Provided data section start

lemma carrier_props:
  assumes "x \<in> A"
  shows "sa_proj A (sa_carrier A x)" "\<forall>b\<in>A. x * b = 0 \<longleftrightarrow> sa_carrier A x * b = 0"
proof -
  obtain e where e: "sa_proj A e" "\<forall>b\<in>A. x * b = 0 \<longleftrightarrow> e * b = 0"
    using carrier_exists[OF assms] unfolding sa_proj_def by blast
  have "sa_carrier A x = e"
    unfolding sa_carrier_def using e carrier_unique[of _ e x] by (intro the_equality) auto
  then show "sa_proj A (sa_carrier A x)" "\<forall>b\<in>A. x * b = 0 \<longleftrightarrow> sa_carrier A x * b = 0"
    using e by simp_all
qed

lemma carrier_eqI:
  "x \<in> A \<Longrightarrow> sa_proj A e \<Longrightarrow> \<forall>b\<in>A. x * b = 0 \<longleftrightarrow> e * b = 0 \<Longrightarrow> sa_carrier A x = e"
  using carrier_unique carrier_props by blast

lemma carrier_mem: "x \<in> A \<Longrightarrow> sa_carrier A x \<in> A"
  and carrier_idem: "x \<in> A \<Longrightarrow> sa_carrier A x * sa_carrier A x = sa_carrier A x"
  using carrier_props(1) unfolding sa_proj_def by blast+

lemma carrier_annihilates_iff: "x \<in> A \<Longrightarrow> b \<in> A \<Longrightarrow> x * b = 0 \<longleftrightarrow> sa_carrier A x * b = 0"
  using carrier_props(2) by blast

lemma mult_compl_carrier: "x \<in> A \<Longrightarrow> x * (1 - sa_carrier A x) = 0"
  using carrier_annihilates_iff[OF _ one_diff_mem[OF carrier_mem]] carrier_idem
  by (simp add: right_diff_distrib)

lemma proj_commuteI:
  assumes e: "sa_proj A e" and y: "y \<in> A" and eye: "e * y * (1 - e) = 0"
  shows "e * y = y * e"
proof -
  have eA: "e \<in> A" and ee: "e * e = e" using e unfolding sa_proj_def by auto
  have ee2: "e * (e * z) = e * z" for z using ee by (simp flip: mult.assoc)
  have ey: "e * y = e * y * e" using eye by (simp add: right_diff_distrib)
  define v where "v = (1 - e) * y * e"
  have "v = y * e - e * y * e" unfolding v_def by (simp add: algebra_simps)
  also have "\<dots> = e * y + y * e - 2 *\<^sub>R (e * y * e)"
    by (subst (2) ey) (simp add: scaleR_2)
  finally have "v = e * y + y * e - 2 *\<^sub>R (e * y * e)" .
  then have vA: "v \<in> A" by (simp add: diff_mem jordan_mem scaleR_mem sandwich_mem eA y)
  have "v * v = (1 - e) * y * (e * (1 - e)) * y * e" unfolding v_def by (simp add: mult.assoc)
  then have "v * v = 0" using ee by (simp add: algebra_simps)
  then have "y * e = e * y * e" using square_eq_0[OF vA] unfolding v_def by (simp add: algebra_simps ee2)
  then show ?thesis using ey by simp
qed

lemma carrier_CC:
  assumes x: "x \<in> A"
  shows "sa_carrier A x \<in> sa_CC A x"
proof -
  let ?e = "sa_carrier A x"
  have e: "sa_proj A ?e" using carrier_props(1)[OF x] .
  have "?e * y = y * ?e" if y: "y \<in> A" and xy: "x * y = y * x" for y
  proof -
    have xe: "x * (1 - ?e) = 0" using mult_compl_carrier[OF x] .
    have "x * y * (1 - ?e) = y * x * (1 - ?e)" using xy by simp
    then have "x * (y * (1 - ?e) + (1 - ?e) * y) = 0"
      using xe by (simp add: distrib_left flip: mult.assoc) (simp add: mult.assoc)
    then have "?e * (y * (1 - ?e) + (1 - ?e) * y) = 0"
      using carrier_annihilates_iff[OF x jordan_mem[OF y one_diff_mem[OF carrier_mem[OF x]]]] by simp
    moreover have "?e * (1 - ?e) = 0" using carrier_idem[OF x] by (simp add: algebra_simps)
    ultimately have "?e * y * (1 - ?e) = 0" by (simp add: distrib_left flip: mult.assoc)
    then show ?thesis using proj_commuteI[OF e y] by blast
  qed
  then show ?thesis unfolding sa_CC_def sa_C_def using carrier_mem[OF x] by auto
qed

Provided data section end
Provided data section start

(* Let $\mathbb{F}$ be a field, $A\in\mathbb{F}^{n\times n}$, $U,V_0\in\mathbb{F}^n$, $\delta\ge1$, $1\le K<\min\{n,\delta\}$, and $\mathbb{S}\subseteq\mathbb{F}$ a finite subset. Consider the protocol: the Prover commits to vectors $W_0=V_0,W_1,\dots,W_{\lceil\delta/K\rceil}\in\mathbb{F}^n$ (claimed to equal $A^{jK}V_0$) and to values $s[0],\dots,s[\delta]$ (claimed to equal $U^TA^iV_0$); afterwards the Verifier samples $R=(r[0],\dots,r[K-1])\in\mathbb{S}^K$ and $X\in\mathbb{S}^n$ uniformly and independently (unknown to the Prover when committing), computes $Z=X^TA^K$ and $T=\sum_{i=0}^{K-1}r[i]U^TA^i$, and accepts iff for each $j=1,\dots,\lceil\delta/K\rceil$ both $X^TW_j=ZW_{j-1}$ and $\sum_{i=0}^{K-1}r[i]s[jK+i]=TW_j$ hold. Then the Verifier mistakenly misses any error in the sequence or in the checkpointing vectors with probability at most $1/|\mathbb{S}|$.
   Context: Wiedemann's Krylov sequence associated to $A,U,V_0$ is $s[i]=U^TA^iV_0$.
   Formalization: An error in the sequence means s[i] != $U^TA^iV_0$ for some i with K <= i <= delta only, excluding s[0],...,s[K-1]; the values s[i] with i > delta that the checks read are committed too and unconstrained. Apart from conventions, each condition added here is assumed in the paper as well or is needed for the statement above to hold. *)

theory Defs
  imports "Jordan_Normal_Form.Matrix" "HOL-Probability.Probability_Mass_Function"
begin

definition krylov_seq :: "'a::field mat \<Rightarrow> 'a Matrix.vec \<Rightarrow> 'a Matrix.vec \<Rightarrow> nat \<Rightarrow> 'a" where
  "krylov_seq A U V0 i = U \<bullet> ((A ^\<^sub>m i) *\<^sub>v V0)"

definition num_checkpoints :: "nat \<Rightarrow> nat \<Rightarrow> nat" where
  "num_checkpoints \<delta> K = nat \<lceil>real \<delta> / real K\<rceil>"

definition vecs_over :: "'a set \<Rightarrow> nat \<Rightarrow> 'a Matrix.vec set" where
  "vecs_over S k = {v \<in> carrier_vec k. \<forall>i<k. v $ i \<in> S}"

Provided data section end
Provided data section start

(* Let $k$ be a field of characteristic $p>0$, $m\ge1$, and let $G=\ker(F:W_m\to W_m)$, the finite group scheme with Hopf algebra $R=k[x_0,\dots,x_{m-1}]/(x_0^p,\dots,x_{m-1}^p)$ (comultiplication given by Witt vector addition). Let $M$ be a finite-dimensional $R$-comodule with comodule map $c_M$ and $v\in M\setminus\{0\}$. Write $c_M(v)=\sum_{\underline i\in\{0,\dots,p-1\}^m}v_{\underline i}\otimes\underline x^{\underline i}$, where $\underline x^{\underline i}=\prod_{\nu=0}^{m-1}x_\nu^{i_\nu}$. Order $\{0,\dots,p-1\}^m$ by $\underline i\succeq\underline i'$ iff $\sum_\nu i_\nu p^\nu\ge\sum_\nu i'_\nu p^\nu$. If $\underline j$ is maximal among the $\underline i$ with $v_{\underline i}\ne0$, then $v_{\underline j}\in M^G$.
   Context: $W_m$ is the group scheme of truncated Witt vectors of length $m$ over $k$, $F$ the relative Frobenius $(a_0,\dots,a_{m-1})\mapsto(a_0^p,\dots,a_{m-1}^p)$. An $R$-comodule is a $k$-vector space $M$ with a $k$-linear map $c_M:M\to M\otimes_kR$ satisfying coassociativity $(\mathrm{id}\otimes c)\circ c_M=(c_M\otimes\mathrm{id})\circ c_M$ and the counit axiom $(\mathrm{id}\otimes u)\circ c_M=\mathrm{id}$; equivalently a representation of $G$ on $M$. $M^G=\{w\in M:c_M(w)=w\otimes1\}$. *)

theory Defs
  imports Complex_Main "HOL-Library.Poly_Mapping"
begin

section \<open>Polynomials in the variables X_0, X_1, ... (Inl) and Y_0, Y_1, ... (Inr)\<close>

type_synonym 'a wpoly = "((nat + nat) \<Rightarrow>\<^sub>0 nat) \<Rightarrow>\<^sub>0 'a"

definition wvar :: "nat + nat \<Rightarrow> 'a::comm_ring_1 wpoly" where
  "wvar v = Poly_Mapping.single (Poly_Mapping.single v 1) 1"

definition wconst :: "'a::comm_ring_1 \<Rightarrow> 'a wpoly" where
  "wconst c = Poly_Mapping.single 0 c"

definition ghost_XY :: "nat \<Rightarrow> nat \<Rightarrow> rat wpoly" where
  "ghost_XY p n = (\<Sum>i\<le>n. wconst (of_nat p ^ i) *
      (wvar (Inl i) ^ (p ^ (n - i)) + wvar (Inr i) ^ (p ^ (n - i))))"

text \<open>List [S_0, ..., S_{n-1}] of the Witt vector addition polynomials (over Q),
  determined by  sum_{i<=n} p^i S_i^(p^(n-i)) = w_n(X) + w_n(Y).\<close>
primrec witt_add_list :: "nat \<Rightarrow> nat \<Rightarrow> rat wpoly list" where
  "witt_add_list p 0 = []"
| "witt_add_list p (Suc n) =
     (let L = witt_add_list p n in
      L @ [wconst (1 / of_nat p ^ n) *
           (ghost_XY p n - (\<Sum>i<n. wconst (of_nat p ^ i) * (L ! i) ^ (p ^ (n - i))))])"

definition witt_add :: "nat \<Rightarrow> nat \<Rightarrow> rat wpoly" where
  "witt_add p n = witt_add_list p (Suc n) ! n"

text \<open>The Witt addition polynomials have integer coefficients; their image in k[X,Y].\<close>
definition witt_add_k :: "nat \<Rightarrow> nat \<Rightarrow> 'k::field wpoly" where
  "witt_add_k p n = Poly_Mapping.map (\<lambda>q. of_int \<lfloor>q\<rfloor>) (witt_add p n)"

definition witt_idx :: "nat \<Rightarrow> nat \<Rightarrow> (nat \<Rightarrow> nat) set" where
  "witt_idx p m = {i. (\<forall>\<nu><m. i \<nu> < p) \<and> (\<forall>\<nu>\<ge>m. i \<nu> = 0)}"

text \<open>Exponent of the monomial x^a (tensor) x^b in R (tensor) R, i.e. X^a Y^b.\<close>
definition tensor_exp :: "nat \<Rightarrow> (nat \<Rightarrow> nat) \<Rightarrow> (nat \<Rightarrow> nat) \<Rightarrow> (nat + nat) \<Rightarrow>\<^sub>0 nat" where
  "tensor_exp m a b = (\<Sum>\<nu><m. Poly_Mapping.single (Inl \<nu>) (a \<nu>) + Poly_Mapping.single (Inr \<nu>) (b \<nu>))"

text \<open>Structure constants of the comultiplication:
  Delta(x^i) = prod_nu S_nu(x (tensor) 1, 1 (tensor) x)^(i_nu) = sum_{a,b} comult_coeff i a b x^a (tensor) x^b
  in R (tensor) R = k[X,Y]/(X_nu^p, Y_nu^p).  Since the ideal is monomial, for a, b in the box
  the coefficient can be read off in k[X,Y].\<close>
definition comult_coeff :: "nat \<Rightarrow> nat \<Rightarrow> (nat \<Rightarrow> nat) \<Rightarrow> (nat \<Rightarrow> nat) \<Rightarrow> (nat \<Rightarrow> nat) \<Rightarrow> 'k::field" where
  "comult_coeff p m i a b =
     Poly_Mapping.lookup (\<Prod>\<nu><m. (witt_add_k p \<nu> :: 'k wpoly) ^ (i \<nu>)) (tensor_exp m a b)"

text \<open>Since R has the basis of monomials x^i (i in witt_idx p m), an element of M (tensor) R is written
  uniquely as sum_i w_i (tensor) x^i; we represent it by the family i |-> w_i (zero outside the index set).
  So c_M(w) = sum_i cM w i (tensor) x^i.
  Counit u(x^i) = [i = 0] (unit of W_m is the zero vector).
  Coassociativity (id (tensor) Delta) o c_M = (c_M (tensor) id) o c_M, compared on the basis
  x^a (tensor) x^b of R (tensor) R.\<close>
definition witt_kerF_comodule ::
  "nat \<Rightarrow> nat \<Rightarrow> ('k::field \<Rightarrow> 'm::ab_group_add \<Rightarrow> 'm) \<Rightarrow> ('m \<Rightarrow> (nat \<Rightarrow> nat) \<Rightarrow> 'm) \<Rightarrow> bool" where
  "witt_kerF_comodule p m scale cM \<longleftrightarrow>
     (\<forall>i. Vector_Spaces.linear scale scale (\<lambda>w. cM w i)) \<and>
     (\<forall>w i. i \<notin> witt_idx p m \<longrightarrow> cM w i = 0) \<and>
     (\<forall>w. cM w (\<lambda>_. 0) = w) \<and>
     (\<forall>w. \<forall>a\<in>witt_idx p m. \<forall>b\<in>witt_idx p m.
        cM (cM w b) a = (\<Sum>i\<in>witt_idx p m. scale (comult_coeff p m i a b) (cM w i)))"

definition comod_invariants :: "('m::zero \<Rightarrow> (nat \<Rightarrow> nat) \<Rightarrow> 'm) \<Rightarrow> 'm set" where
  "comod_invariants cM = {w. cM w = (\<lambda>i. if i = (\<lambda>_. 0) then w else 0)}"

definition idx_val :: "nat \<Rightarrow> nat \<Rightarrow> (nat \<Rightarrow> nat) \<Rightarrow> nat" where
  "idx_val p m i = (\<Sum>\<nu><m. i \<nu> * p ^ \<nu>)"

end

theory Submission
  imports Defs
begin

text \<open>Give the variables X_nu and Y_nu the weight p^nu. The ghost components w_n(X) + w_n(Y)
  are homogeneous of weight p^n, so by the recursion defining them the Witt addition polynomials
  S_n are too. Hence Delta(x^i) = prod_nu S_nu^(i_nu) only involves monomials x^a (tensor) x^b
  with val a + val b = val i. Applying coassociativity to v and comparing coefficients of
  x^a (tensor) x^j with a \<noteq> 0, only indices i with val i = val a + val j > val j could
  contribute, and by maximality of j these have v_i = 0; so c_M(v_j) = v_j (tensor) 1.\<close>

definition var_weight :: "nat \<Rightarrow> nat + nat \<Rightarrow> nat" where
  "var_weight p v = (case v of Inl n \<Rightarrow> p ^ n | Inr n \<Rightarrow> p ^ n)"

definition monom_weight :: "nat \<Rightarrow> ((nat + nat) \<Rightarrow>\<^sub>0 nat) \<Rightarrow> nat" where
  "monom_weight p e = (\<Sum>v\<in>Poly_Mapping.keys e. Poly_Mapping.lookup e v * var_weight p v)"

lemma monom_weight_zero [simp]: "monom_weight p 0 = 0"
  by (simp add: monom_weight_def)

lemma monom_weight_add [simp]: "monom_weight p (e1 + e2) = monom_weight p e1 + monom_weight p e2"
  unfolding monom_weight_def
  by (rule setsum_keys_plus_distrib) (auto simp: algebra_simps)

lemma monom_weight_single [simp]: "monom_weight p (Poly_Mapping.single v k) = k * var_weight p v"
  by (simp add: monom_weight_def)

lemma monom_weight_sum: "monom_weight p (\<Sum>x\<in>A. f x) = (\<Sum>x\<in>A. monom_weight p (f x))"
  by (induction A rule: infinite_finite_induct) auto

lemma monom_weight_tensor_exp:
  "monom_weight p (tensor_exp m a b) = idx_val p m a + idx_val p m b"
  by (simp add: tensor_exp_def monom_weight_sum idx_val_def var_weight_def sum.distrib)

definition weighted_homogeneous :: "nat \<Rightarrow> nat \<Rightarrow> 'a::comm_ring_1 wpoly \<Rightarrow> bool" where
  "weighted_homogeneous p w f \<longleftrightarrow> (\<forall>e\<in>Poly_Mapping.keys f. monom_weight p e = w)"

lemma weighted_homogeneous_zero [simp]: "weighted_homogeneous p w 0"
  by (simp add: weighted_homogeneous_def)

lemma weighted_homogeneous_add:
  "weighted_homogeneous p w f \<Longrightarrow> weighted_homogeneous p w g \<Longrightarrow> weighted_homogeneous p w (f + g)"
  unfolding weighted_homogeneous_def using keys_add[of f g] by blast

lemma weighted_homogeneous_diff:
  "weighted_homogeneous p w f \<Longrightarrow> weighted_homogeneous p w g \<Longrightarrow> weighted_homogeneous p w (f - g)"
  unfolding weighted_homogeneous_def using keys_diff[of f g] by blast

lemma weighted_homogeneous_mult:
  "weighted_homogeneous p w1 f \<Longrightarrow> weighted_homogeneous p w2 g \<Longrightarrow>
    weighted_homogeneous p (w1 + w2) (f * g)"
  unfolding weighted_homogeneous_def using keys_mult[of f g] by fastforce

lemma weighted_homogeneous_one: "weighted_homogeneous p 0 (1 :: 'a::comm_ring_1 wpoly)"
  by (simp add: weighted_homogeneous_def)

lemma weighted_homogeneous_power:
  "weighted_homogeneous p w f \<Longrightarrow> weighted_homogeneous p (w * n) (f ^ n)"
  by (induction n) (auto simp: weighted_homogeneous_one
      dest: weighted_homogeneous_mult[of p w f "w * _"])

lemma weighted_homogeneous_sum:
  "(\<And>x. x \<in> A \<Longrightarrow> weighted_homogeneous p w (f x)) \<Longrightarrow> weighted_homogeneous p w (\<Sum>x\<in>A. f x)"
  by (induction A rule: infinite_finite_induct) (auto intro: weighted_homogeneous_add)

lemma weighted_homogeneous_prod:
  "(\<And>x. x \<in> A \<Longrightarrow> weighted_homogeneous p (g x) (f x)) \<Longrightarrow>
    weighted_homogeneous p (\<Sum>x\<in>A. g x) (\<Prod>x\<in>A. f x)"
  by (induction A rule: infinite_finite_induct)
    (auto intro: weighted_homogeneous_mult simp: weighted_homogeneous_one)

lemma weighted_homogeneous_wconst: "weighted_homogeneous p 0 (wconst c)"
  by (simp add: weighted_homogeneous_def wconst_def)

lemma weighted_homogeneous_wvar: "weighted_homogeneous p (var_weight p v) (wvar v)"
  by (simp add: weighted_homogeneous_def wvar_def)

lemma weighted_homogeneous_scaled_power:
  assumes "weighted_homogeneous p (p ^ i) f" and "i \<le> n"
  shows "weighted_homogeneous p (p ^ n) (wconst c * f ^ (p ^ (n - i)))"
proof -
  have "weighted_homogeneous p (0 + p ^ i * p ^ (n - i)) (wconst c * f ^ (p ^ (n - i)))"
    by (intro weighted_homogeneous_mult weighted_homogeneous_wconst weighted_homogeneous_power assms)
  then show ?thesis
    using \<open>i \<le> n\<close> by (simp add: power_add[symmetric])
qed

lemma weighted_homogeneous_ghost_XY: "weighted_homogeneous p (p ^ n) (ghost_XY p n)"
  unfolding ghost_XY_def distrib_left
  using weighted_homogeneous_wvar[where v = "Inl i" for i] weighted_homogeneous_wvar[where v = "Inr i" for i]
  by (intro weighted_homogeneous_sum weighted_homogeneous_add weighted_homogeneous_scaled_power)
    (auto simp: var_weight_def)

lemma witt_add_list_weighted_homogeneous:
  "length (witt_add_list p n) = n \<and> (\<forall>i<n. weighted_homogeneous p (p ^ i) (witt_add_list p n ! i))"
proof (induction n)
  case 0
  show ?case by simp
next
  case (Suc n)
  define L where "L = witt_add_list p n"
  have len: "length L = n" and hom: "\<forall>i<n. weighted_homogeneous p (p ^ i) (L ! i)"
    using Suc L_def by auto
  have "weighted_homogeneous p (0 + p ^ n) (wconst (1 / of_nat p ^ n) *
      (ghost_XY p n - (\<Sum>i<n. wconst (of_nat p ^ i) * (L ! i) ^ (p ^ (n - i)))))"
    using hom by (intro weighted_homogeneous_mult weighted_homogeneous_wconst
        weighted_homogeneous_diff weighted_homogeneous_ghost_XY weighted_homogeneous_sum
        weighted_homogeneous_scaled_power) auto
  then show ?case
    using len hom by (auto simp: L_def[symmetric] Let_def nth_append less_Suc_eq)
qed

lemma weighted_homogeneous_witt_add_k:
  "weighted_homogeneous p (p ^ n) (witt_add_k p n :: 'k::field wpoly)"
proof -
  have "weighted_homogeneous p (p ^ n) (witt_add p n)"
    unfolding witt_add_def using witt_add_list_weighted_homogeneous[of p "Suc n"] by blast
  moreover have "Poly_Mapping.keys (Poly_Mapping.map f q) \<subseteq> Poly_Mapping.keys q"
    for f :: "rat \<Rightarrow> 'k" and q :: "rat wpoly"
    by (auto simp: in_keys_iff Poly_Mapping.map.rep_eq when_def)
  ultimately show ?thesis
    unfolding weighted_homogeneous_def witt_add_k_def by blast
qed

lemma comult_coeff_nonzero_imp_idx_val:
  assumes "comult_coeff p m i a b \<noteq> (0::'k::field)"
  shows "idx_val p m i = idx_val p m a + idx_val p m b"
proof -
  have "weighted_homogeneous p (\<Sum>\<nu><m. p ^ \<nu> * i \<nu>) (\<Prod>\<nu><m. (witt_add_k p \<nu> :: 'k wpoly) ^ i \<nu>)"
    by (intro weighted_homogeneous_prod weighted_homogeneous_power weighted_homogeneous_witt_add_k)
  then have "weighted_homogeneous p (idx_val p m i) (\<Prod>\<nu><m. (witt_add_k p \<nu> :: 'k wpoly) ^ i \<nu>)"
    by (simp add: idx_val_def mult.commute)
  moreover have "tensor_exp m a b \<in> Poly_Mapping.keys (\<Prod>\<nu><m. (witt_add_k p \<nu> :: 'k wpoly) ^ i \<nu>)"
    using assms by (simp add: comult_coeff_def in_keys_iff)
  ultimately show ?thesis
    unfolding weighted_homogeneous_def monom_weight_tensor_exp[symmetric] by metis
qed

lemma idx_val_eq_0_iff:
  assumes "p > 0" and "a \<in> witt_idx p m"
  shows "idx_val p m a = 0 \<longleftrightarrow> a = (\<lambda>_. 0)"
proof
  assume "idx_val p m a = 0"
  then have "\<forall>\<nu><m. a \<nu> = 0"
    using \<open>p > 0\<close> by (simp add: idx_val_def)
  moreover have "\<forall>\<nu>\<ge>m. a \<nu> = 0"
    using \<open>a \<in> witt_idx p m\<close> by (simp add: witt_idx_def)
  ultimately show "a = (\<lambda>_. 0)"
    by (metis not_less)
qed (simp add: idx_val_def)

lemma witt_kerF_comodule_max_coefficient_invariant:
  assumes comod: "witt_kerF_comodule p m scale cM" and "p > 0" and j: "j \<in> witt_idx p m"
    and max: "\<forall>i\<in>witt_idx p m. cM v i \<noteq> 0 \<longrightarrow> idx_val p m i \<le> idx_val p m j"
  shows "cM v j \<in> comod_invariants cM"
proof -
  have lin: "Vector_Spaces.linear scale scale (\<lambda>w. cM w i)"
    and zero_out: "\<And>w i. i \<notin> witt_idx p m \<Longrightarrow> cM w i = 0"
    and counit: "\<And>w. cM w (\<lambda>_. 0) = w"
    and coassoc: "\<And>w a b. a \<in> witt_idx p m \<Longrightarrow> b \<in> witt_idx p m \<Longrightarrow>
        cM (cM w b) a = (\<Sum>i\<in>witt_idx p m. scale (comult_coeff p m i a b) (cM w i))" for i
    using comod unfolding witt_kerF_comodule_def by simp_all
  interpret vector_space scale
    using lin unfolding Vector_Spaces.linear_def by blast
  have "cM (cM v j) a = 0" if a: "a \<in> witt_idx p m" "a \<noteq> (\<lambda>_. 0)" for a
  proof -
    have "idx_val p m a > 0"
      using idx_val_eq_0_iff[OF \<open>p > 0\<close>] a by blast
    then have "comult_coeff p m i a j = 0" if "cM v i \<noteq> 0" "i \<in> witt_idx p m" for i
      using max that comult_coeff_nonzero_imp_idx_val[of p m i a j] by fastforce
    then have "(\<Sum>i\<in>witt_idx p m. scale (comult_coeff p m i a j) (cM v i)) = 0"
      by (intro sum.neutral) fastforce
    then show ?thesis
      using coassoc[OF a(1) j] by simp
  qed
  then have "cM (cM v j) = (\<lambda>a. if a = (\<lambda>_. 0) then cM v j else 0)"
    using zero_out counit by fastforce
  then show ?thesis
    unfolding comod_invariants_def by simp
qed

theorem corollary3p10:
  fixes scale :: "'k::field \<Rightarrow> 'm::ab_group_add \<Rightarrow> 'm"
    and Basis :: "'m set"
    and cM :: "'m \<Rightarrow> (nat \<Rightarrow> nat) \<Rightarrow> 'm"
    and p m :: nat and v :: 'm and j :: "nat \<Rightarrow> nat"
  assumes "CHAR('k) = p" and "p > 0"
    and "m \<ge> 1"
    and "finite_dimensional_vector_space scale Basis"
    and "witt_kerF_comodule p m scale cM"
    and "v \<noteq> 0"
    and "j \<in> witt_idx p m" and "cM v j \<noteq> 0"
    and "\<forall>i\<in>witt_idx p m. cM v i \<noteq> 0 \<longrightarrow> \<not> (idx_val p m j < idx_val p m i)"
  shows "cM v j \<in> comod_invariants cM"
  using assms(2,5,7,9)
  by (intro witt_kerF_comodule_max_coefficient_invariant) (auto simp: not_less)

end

Provided data section end

Every line with "ultimately" in it should be copied from the entries.

> [Solved problem]
    ultimately have "?e * y * (1 - ?e) = 0" by (simp add: distrib_left flip: mult.assoc)
  ultimately show ?thesis
  ultimately show ?thesis
  ultimately show "a = (\<lambda>_. 0)"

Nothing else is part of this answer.